**WHAT YOU ARE ASKED TO DO:** Transcribe the stretch of entries below from the line with "a b :: real" through the line with "t + \<delta>", exactly and with both ends included; leave out all other lines.

**SUPPLIED RECORDS:**
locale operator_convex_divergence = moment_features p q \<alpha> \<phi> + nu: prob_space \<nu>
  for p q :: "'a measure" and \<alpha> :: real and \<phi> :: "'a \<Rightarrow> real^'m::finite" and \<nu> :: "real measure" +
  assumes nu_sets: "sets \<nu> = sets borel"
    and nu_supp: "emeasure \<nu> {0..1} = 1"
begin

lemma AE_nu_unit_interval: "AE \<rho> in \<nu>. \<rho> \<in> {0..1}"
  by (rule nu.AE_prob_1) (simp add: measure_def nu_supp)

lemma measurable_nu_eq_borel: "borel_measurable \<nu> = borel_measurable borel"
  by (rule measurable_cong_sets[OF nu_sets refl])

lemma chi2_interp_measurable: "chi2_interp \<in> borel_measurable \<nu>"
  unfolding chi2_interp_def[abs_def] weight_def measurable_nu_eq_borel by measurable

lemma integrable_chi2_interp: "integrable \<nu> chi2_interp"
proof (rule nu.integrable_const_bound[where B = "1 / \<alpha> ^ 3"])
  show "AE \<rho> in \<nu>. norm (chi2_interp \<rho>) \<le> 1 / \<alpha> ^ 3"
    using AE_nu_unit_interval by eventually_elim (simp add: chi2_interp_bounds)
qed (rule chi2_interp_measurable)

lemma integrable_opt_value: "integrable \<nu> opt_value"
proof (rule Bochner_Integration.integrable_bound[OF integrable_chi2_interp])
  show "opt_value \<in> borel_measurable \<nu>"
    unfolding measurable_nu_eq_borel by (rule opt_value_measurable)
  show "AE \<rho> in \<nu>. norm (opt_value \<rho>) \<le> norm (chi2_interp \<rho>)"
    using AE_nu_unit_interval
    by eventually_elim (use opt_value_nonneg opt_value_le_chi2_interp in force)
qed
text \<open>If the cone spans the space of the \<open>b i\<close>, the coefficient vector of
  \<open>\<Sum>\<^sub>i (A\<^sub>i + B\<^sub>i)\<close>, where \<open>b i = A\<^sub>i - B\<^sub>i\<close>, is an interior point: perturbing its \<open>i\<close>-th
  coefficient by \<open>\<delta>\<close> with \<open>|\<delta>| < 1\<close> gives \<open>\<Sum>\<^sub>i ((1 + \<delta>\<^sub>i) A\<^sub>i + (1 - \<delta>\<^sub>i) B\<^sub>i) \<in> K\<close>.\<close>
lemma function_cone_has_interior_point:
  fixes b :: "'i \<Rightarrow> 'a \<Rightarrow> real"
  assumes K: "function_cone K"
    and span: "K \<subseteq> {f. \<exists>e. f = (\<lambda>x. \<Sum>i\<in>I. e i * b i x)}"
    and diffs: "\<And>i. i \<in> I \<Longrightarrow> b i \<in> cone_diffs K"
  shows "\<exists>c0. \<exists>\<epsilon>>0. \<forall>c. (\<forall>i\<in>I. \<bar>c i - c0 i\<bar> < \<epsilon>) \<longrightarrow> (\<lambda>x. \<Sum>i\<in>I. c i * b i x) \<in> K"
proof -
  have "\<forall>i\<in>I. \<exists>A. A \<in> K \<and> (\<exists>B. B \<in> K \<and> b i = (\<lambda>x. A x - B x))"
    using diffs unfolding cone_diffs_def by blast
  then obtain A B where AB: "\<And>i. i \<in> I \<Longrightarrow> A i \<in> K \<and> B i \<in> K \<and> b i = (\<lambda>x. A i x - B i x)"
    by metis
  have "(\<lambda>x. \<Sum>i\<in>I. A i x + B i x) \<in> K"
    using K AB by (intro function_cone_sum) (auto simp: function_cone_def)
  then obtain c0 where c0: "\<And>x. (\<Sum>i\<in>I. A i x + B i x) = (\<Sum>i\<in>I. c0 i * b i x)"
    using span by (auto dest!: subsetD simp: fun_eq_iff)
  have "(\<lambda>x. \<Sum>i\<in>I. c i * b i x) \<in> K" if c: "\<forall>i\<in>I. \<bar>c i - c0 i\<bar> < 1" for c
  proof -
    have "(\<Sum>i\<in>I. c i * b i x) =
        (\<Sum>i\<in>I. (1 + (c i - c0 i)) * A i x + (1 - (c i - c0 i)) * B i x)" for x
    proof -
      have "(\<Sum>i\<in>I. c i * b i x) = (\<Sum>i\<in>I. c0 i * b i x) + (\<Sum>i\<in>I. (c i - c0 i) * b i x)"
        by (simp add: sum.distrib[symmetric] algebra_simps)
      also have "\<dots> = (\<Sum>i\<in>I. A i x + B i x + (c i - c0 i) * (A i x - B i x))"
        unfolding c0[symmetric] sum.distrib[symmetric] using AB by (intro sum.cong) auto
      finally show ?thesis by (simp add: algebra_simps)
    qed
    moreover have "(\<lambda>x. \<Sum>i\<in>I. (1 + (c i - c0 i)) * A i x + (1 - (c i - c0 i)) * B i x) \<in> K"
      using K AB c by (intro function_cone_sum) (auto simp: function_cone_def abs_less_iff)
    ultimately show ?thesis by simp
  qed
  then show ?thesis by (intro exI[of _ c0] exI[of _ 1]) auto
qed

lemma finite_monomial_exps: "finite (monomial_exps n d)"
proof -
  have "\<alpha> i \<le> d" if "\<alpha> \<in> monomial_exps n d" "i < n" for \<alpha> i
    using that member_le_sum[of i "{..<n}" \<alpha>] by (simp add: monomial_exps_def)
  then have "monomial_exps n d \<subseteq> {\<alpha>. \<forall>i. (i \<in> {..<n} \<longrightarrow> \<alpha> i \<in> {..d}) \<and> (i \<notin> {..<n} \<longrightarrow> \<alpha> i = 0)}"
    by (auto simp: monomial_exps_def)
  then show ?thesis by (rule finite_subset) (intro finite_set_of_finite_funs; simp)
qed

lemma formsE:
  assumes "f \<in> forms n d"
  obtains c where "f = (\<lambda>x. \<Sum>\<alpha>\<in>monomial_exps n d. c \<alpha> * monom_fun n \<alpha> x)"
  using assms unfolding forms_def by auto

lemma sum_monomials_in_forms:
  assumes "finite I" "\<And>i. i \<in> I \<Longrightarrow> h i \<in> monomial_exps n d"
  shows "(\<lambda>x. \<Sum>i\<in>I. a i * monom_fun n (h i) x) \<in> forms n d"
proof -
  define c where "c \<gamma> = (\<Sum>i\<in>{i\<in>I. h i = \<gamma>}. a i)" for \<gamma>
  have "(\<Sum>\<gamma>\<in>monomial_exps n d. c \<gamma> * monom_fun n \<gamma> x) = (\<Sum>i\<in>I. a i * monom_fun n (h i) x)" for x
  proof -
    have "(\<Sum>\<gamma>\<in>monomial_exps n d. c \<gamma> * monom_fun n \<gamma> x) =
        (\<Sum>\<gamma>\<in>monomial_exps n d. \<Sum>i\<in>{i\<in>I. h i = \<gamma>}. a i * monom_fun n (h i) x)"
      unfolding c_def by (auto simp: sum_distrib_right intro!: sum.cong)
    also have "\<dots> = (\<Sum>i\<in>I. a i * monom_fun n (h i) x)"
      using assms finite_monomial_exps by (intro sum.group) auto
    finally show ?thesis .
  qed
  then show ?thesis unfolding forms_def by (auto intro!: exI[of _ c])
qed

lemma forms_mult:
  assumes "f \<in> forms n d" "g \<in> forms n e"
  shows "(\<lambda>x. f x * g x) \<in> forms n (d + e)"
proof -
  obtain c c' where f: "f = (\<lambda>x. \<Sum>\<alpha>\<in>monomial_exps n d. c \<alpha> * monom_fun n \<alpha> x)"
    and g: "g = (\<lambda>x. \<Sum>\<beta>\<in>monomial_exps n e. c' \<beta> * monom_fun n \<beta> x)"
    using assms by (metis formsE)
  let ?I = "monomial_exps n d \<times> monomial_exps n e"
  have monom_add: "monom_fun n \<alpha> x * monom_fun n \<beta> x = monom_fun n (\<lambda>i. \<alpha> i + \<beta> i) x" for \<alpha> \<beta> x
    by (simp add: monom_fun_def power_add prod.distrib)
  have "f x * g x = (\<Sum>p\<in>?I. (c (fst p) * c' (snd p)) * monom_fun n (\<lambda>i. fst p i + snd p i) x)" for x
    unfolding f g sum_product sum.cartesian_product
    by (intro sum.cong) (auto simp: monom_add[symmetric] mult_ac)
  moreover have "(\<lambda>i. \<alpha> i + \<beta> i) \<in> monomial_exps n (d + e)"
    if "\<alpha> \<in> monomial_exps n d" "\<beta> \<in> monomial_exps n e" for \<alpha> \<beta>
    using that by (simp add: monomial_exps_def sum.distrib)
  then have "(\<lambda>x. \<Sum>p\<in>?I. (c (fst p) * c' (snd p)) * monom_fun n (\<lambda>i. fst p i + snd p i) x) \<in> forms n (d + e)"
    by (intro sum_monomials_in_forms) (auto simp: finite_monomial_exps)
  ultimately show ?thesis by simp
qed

==

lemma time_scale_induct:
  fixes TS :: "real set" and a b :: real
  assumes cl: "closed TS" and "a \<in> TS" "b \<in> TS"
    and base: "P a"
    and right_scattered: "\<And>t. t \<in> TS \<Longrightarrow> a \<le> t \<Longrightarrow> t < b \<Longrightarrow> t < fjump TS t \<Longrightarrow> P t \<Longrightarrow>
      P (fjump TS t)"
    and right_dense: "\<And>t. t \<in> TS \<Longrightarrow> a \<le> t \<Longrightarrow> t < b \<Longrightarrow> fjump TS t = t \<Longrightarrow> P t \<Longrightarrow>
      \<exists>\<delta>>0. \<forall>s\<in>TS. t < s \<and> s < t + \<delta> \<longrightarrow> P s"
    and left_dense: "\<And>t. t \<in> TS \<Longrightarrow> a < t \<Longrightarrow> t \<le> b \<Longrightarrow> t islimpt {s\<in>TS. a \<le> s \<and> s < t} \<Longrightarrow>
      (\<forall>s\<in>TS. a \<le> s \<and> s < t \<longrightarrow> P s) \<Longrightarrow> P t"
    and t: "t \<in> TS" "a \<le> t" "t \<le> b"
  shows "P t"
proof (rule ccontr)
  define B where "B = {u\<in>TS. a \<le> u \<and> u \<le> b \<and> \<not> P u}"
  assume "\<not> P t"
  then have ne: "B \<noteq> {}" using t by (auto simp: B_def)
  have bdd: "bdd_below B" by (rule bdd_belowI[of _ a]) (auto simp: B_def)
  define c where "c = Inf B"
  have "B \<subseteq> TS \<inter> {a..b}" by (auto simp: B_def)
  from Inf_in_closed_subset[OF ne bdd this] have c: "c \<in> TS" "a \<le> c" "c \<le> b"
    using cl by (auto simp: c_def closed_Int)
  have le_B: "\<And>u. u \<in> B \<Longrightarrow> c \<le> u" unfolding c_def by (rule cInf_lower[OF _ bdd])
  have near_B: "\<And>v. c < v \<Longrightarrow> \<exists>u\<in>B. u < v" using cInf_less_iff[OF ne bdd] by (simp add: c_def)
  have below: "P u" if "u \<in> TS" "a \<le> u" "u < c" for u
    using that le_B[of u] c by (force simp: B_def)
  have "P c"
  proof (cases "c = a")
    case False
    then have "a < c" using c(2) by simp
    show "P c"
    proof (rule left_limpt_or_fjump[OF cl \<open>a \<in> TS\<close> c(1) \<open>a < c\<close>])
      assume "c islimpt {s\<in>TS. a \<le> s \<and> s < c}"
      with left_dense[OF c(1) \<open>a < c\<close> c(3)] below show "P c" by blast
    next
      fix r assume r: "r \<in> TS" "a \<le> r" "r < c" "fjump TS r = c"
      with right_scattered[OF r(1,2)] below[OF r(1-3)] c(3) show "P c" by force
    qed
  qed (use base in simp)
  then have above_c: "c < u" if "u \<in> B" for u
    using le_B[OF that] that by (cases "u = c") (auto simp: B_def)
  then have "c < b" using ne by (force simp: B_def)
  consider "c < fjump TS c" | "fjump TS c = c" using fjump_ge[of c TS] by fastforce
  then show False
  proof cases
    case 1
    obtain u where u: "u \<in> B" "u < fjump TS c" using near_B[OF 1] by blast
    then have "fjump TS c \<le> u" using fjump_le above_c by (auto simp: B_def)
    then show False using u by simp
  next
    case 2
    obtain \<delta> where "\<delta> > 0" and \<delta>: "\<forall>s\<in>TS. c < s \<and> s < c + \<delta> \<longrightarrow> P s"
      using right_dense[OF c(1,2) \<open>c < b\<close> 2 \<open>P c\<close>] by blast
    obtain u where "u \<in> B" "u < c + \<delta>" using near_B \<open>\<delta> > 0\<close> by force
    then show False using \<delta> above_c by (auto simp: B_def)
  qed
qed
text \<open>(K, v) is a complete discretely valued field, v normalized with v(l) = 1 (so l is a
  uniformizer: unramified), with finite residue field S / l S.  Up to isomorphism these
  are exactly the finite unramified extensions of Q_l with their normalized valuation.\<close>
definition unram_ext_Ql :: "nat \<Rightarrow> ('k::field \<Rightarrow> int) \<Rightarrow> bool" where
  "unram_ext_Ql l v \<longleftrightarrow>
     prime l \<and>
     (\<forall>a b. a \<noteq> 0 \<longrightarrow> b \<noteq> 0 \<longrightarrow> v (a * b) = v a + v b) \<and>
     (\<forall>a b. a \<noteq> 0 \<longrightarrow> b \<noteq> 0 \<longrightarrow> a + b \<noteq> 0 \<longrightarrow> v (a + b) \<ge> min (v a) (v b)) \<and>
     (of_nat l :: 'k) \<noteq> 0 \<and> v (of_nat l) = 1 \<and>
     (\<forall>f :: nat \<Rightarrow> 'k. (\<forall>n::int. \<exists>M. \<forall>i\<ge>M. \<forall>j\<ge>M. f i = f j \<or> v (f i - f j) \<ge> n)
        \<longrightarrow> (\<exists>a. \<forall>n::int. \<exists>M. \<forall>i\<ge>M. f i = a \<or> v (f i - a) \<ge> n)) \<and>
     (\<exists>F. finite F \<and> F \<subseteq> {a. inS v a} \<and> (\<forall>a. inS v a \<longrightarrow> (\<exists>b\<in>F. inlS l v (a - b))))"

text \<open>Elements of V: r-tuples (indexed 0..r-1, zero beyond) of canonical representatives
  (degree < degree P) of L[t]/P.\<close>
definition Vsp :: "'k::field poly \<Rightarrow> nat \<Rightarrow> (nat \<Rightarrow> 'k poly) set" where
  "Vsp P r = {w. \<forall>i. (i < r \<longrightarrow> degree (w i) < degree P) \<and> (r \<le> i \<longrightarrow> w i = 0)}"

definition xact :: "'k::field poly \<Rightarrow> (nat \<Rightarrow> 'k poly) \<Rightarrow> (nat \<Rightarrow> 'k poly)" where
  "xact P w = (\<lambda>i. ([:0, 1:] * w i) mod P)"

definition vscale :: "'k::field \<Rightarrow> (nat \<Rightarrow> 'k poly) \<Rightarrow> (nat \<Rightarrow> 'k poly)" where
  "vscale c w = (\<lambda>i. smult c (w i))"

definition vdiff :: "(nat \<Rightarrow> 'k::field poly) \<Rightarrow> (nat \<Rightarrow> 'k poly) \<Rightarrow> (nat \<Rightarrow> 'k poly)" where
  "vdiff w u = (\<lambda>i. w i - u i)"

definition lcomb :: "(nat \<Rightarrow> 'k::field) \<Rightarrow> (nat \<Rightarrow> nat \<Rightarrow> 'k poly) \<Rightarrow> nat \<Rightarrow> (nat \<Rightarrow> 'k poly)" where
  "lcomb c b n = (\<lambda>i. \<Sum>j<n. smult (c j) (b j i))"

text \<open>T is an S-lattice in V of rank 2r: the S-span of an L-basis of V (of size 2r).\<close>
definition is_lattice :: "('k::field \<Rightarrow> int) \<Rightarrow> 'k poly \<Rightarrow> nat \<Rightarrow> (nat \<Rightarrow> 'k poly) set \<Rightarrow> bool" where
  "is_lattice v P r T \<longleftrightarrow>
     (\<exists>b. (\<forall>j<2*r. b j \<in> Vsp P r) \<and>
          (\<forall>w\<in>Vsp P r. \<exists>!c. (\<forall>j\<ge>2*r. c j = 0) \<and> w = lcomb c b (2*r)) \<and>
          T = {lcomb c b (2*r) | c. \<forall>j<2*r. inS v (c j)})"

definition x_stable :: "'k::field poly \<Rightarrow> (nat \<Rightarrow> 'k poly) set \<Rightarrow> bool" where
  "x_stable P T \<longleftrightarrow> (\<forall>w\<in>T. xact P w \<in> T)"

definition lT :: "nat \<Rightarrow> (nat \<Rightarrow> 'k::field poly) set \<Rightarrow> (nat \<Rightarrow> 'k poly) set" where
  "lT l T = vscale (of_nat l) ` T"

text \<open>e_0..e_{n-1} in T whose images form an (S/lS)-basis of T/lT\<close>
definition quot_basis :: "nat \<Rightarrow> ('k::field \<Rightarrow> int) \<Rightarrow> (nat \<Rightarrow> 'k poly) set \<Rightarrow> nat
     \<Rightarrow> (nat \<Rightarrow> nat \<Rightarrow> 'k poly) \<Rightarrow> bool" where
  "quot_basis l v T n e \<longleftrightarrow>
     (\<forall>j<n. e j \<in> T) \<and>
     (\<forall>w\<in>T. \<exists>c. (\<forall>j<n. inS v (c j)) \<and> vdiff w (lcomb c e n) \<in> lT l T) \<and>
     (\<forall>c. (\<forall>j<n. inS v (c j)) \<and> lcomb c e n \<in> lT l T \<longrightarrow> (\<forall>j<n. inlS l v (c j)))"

**WRITTEN RESPONSE:**
  fixes TS :: "real set" and a b :: real
  assumes cl: "closed TS" and "a \<in> TS" "b \<in> TS"
    and base: "P a"
    and right_scattered: "\<And>t. t \<in> TS \<Longrightarrow> a \<le> t \<Longrightarrow> t < b \<Longrightarrow> t < fjump TS t \<Longrightarrow> P t \<Longrightarrow>
      P (fjump TS t)"
    and right_dense: "\<And>t. t \<in> TS \<Longrightarrow> a \<le> t \<Longrightarrow> t < b \<Longrightarrow> fjump TS t = t \<Longrightarrow> P t \<Longrightarrow>
      \<exists>\<delta>>0. \<forall>s\<in>TS. t < s \<and> s < t + \<delta> \<longrightarrow> P s"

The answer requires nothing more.